Please note: This PhD seminar will take place in DC 2310.
Blake
VanBerlo,
PhD
candidate
David
R.
Cheriton
School
of
Computer
Science
Supervisors: Professors Jesse Hoey, Alexander Wong
Self-supervised learning (SSL) is one strategy for addressing the paucity of labelled data in medical imaging by learning representations from unlabelled images. Contrastive and non-contrastive SSL methods learn representations that are similar for pairs of related images. Such pairs are commonly constructed by randomly distorting the same image twice. The videographic nature of ultrasound offers flexibility for defining the similarity relationship between pairs of images.

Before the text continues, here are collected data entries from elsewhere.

lemma anderson_coordinate_step:
  fixes v v' :: "'a::euclidean_space" and e :: 'a and C :: real
  assumes e: "e \<in> Basis" and same: "\<And>b. b \<in> Basis \<Longrightarrow> b \<noteq> e \<Longrightarrow> v \<bullet> b = v' \<bullet> b"
    and le: "\<bar>v \<bullet> e\<bar> \<le> \<bar>v' \<bullet> e\<bar>" and C: "C \<ge> 0"
  defines "\<mu> \<equiv> density lborel (\<lambda>z. ennreal (C * exp (-(norm z)\<^sup>2/2)))"
  shows "emeasure \<mu> {z. (norm (z + v'))\<^sup>2 \<le> x} \<le> emeasure \<mu> {z. (norm (z + v))\<^sup>2 \<le> x}"
proof -
  txt \<open>The reflection in the e-th coordinate that swaps the centres \<open>-v\<close> and \<open>-v'\<close>.\<close>
  define R where "R z = z - (2 * (z \<bullet> e) + (v \<bullet> e + v' \<bullet> e)) *\<^sub>R e" for z
  have [measurable]: "R \<in> borel_measurable borel"
    unfolding R_def[abs_def] by measurable
  have R_e: "R z \<bullet> e = - (z \<bullet> e) - v \<bullet> e - v' \<bullet> e" for z
    using e by (simp add: R_def inner_diff_left)
  have R_b: "R z \<bullet> b = z \<bullet> b" if "b \<in> Basis" "b \<noteq> e" for z b
    using that e by (simp add: R_def inner_diff_left inner_Basis)
  have at_e: "(R z + v) \<bullet> e = - ((z + v') \<bullet> e)" "(R z + v') \<bullet> e = - ((z + v) \<bullet> e)" for z
    by (simp_all add: R_e inner_add_left)
  have off_e: "(R z + w) \<bullet> b = (z + w) \<bullet> b" "(z + v) \<bullet> b = (z + v') \<bullet> b"
    if "b \<in> Basis" "b \<noteq> e" for z w b
    using that by (simp_all add: R_b same inner_add_left)
  have swap_v: "norm (R z + v) = norm (z + v')" and swap_v': "norm (R z + v') = norm (z + v)" for z
    by (intro norm_eq_componentwise, case_tac "b = e", simp_all add: at_e off_e)+
  show ?thesis
    unfolding \<mu>_def
  proof (rule emeasure_density_le_by_swap[where R=R])
    show "distr lborel lborel R = lborel"
      unfolding R_def using distr_lborel_reflection[OF e] by (simp cong: distr_cong)
    show "R z \<in> {z. (norm (z + v'))\<^sup>2 \<le> x} - {z. (norm (z + v))\<^sup>2 \<le> x}
       \<longleftrightarrow> z \<in> {z. (norm (z + v))\<^sup>2 \<le> x} - {z. (norm (z + v'))\<^sup>2 \<le> x}" for z
      by (simp add: swap_v swap_v')
    show "ennreal (C * exp (- (norm (R z))\<^sup>2 / 2)) \<le> ennreal (C * exp (- (norm z)\<^sup>2 / 2))"
      if "z \<in> {z. (norm (z + v))\<^sup>2 \<le> x} - {z. (norm (z + v'))\<^sup>2 \<le> x}" for z
    proof -
      have "(norm (z + v))\<^sup>2 < (norm (z + v'))\<^sup>2"
        using that by simp
      then have "norm (z + v) < norm (z + v')"
        by (rule power_less_imp_less_base) simp
      then have "\<bar>(z + v) \<bullet> e\<bar> < \<bar>(z + v') \<bullet> e\<bar>"
      proof (rule contrapos_pp)
        assume "\<not> \<bar>(z + v) \<bullet> e\<bar> < \<bar>(z + v') \<bullet> e\<bar>"
        then have "\<bar>(z + v') \<bullet> b\<bar> \<le> \<bar>(z + v) \<bullet> b\<bar>" if "b \<in> Basis" for b
          using that same by (cases "b = e") (simp_all add: inner_add_left)
        then show "\<not> norm (z + v) < norm (z + v')"
          by (simp add: norm_le_componentwise not_less)
      qed
      then have "\<bar>z \<bullet> e\<bar> \<le> \<bar>z \<bullet> e + v \<bullet> e + v' \<bullet> e\<bar>"
        using le by (intro abs_le_reflected) (simp_all add: inner_add_left)
      then have "norm z \<le> norm (R z)"
        by (intro norm_le_componentwise, case_tac "b = e") (simp_all add: R_e R_b abs_minus_commute)
      then show ?thesis
        using C by (intro ennreal_leI mult_left_mono) (simp_all add: power_mono)
    qed
  qed simp_all
qed

lemma anderson_diagonal:
  fixes m m' C :: real
  assumes le: "\<bar>m\<bar> \<le> \<bar>m'\<bar>" and C: "C \<ge> 0"
  defines "\<mu> \<equiv> density lborel (\<lambda>z::'a::euclidean_space. ennreal (C * exp (-(norm z)\<^sup>2/2)))"
  shows "emeasure \<mu> {z. (norm (z + m' *\<^sub>R (\<Sum>b\<in>Basis. b)))\<^sup>2 \<le> x}
       \<le> emeasure \<mu> {z. (norm (z + m *\<^sub>R (\<Sum>b\<in>Basis. b)))\<^sup>2 \<le> x}"
proof -
  define w where "w S = (\<Sum>b\<in>Basis. (if b \<in> S then m' else m) *\<^sub>R (b::'a))" for S
  have w_inner: "w S \<bullet> b = (if b \<in> S then m' else m)" if "b \<in> Basis" for S b
    using that unfolding w_def by (rule inner_sum_scaleR_Basis)
  have "emeasure \<mu> {z. (norm (z + w S))\<^sup>2 \<le> x} \<le> emeasure \<mu> {z. (norm (z + w {}))\<^sup>2 \<le> x}"
    if "finite S" "S \<subseteq> Basis" for S
    using that
  proof (induction S rule: finite_induct)
    case (insert e S)
    have "emeasure \<mu> {z. (norm (z + w (insert e S)))\<^sup>2 \<le> x} \<le> emeasure \<mu> {z. (norm (z + w S))\<^sup>2 \<le> x}"
      unfolding \<mu>_def using insert le C by (intro anderson_coordinate_step) (auto simp: w_inner)
    with insert show ?case by simp
  qed simp
  moreover have "w Basis = m' *\<^sub>R (\<Sum>b\<in>Basis. b)" "w {} = m *\<^sub>R (\<Sum>b\<in>Basis. b)"
    by (simp_all add: w_def scaleR_sum_right)
  ultimately show ?thesis by (metis finite_Basis order_refl)
qed
(* Consider $\mathbb{Z}^2$ with standard generating set $\{a,b\}$, $a=(1,0)$, $b=(0,1)$. Let $D\subseteq\{a,b,a^{-1},b^{-1}\}$ with $|D|\in\{2,3\}$. Then the infinite snake problem for $(\mathbb{Z}^2,\{a,b\})$ restricted to directions in $D$ is decidable.
   Context: A tileset graph for $(\mathbb{Z}^2,\{a,b\})$ is a finite multigraph $\Gamma=(A,B)$ whose edges are triples $(t,t',s)$ with $t,t'\in A$, $s\in\{a,b,a^{-1},b^{-1}\}$, such that $(t,t',s)\in B$ implies $(t',t,s^{-1})\in B$. A bi-infinite $\Gamma$-snake is a pair $(\omega,\zeta)$, $\omega:\mathbb{Z}\to\mathbb{Z}^2$ injective, $\zeta:\mathbb{Z}\to A$, with $d\omega_i:=\omega(i+1)-\omega(i)\in\{a,b,a^{-1},b^{-1}\}$ and $(\zeta(i),\zeta(i+1),d\omega_i)\in B$ for all $i$. The problem restricted to directions in $D$: given $\Gamma$, decide whether there is a bi-infinite $\Gamma$-snake with $d\omega_i\in D$ for all $i\in\mathbb{Z}$. *)

theory Defs
  imports Main "HOL-Library.Nat_Bijection" "HOL-Library.Product_Plus"
begin

type_synonym z2 = "int \<times> int"

definition gen_a :: z2 where "gen_a = (1, 0)"
definition gen_b :: z2 where "gen_b = (0, 1)"

definition gens :: "z2 set" where
  "gens = {gen_a, gen_b, - gen_a, - gen_b}"

text \<open>Tiles are natural numbers; an edge is a triple (t, t', s).
  Multiplicities of edges are irrelevant for the existence of snakes,
  so the edge multiset is represented by its set.\<close>
type_synonym tile = nat
type_synonym edge = "tile \<times> tile \<times> z2"

definition tileset_graph :: "tile set \<Rightarrow> edge set \<Rightarrow> bool" where
  "tileset_graph A B \<longleftrightarrow> finite A \<and> finite B \<and>
     (\<forall>(t, t', s) \<in> B. t \<in> A \<and> t' \<in> A \<and> s \<in> gens) \<and>
     (\<forall>t t' s. (t, t', s) \<in> B \<longrightarrow> (t', t, - s) \<in> B)"
lemma bisector_locus_subset:
  "bisector_locus A B C D \<subseteq> {X. qf (bisector_conic A B C D) X = 0 \<and> snd (snd X) \<noteq> 0}"
proof
  fix X assume "X \<in> bisector_locus A B C D"
  then obtain l t where bis: "bisects A B C D l" and t: "t \<in> opp_line_pairs A B C D"
    and cr: "crosses l (side_lines t)" and pe: "proj_eq (mid_of l (side_lines t)) X"
    unfolding bisector_locus_def opp_pairs_eq_side_lines by blast
  have "is_line l" using bis by (simp add: bisects_def)
  then obtain M0 v where v: "v \<noteq> (0, 0)" and l: "l = pline M0 v"
    by (rule is_line_obtain_pline)
  obtain M t' where t': "t' \<in> opp_line_pairs A B C D" "t' \<noteq> t"
    and mid: "mid_of (pline M0 v) (side_lines t) = hom M"
    and D: "mid_defect M v t = 0" "mid_defect M v t' = 0"
    by (rule bisector_midpoint[OF bis[unfolded l] v t cr[unfolded l]])
  have on_conic: "qf (bisector_conic A B C D) (hom M) = 0"
    using bisector_conic_if_two_mid_defects_vanish[OF v t t'(1) t'(2)[symmetric] D] .
  obtain k where k: "k \<noteq> 0" "X = hscale k (hom M)"
    using pe unfolding l mid proj_eq_def by blast
  have "qf (bisector_conic A B C D) X = 0" using on_conic by (simp add: k(2) qf_hscale)
  moreover have "snd (snd X) \<noteq> 0" using k by (simp add: hscale_def hom_def)
  ultimately show "X \<in> {X. qf (bisector_conic A B C D) X = 0 \<and> snd (snd X) \<noteq> 0}" by simp
qed

lemma bisects_pline_if_mid_defects_vanish:
  assumes v: "v \<noteq> (0, 0)" and D: "\<And>t. t \<in> opp_line_pairs A B C D \<Longrightarrow> mid_defect M v t = 0"
  shows "bisects A B C D (pline M v)"
proof -
  have mid: "mid_of (pline M v) (side_lines t) = hom M"
    if "t \<in> opp_line_pairs A B C D" "crosses (pline M v) (side_lines t)" for t
    using mid_of_eq_hom_if_mid_defect_eq_0[OF two proper_pair_opp v] D that by blast
  show ?thesis
    unfolding bisects_def opp_pairs_eq_side_lines
  proof (intro conjI ballI impI)
    show "is_line (pline M v)" using is_line_pline[OF v] .
    fix P P' assume "P \<in> side_lines ` opp_line_pairs A B C D" "P' \<in> side_lines ` opp_line_pairs A B C D"
      and "crosses (pline M v) P \<and> crosses (pline M v) P'"
    then have "mid_of (pline M v) P = hom M" "mid_of (pline M v) P' = hom M"
      using mid by blast+
    then show "proj_eq (mid_of (pline M v) P) (mid_of (pline M v) P')"
      using proj_eq_hom_refl by simp
  qed
qed
lemma mvec_mmult: "mvec S (mmult S M N) x = mvec S M (mvec S N x)"
  unfolding mvec_def mmult_def sum_distrib_right sum_distrib_left
  by (intro ext, subst sum.swap) (simp add: mult_ac)

lemma vnorm_mvec_le_sum:
  assumes "finite S"
  shows "vnorm S (mvec S M x) \<le> (\<Sum>a\<in>S. \<Sum>b\<in>S. cmod (M a b)) * vnorm S x"
proof -
  have "cmod (mvec S M x a) \<le> (\<Sum>b\<in>S. cmod (M a b) * vnorm S x)" for a
    unfolding mvec_def using norm_le_vnorm[OF assms]
    by (intro order_trans[OF norm_sum] sum_mono) (simp add: norm_mult mult_left_mono)
  then have "vnorm S (mvec S M x) \<le> (\<Sum>a\<in>S. \<Sum>b\<in>S. cmod (M a b) * vnorm S x)"
    by (intro order_trans[OF vnorm_le_sum] sum_mono)
  then show ?thesis by (simp add: sum_distrib_right)
qed

lemma vnorm_mvec_le_opnorm: "finite S \<Longrightarrow> vnorm S x \<le> 1 \<Longrightarrow> vnorm S (mvec S M x) \<le> opnorm S M"
  unfolding opnorm_def
proof (rule cSup_upper)
  assume S: "finite S"
  show "bdd_above {vnorm S (mvec S M x) | x. vnorm S x \<le> 1}"
    using order_trans[OF vnorm_mvec_le_sum[OF S] mult_left_le]
    by (intro bdd_aboveI[where M="\<Sum>a\<in>S. \<Sum>b\<in>S. cmod (M a b)"]) (auto simp: sum_nonneg)
qed auto

lemma opnorm_least:
  assumes "\<And>x. vnorm S x \<le> 1 \<Longrightarrow> vnorm S (mvec S M x) \<le> K"
  shows "opnorm S M \<le> K"
  unfolding opnorm_def
proof (rule cSup_least)
  show "{vnorm S (mvec S M x) |x. vnorm S x \<le> 1} \<noteq> {}"
    using vnorm_zero[of S] by (metis (mono_tags, lifting) empty_iff mem_Collect_eq zero_le_one)
qed (use assms in auto)

lemma opnorm_nonneg: "finite S \<Longrightarrow> 0 \<le> opnorm S M"
  using vnorm_mvec_le_opnorm[of S "\<lambda>a. 0" M] vnorm_nonneg[of S] by (metis order_trans vnorm_zero zero_le_one)

lemma vnorm_mvec_le:
  assumes S: "finite S"
  shows "vnorm S (mvec S M x) \<le> opnorm S M * vnorm S x"
proof (cases "vnorm S x = 0")
  case True
  then have "x a = 0" if "a \<in> S" for a
    using norm_le_vnorm[OF S that, of x] by simp
  then have "mvec S M x = (\<lambda>a. 0)" by (auto simp: mvec_def)
  then show ?thesis using True by simp
next
  case False
  then have v: "vnorm S x > 0" using vnorm_nonneg[of S x] by linarith
  have "vnorm S (\<lambda>b. complex_of_real (1 / vnorm S x) * x b) = 1"
    unfolding vnorm_mult_const using v by (simp add: norm_divide)
  then have "vnorm S (mvec S M (\<lambda>b. complex_of_real (1 / vnorm S x) * x b)) \<le> opnorm S M"
    by (intro vnorm_mvec_le_opnorm[OF S]) simp
  then have "vnorm S (mvec S M x) / vnorm S x \<le> opnorm S M"
    unfolding mvec_mult_const_right vnorm_mult_const using v by (simp add: norm_divide)
  then show ?thesis
    using v by (simp add: divide_le_eq)
qed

In this study, we investigated the effect of utilizing proximal, distinct images from the same B-mode ultrasound video as pairs for SSL. Additionally, we introduced a sample weighting scheme that increases the weight of closer image pairs and demonstrated how it can be integrated into SSL objectives. Named Intra-Video Positive Pairs, the method surpassed previous ultrasound-specific contrastive learning methods’ average test accuracy on COVID-19 classification with the POCUS dataset by ≥ 1.3%. Investigations revealed that some combinations of IVUP hyperparameters can lead to improved or worsened performance, depending on the downstream task. Guidelines for practitioners were synthesized based on the results, such as the merit of IVUP with task-specific hyperparameters, and the improved performance of contrastive methods for ultrasound compared to non-contrastive counterparts.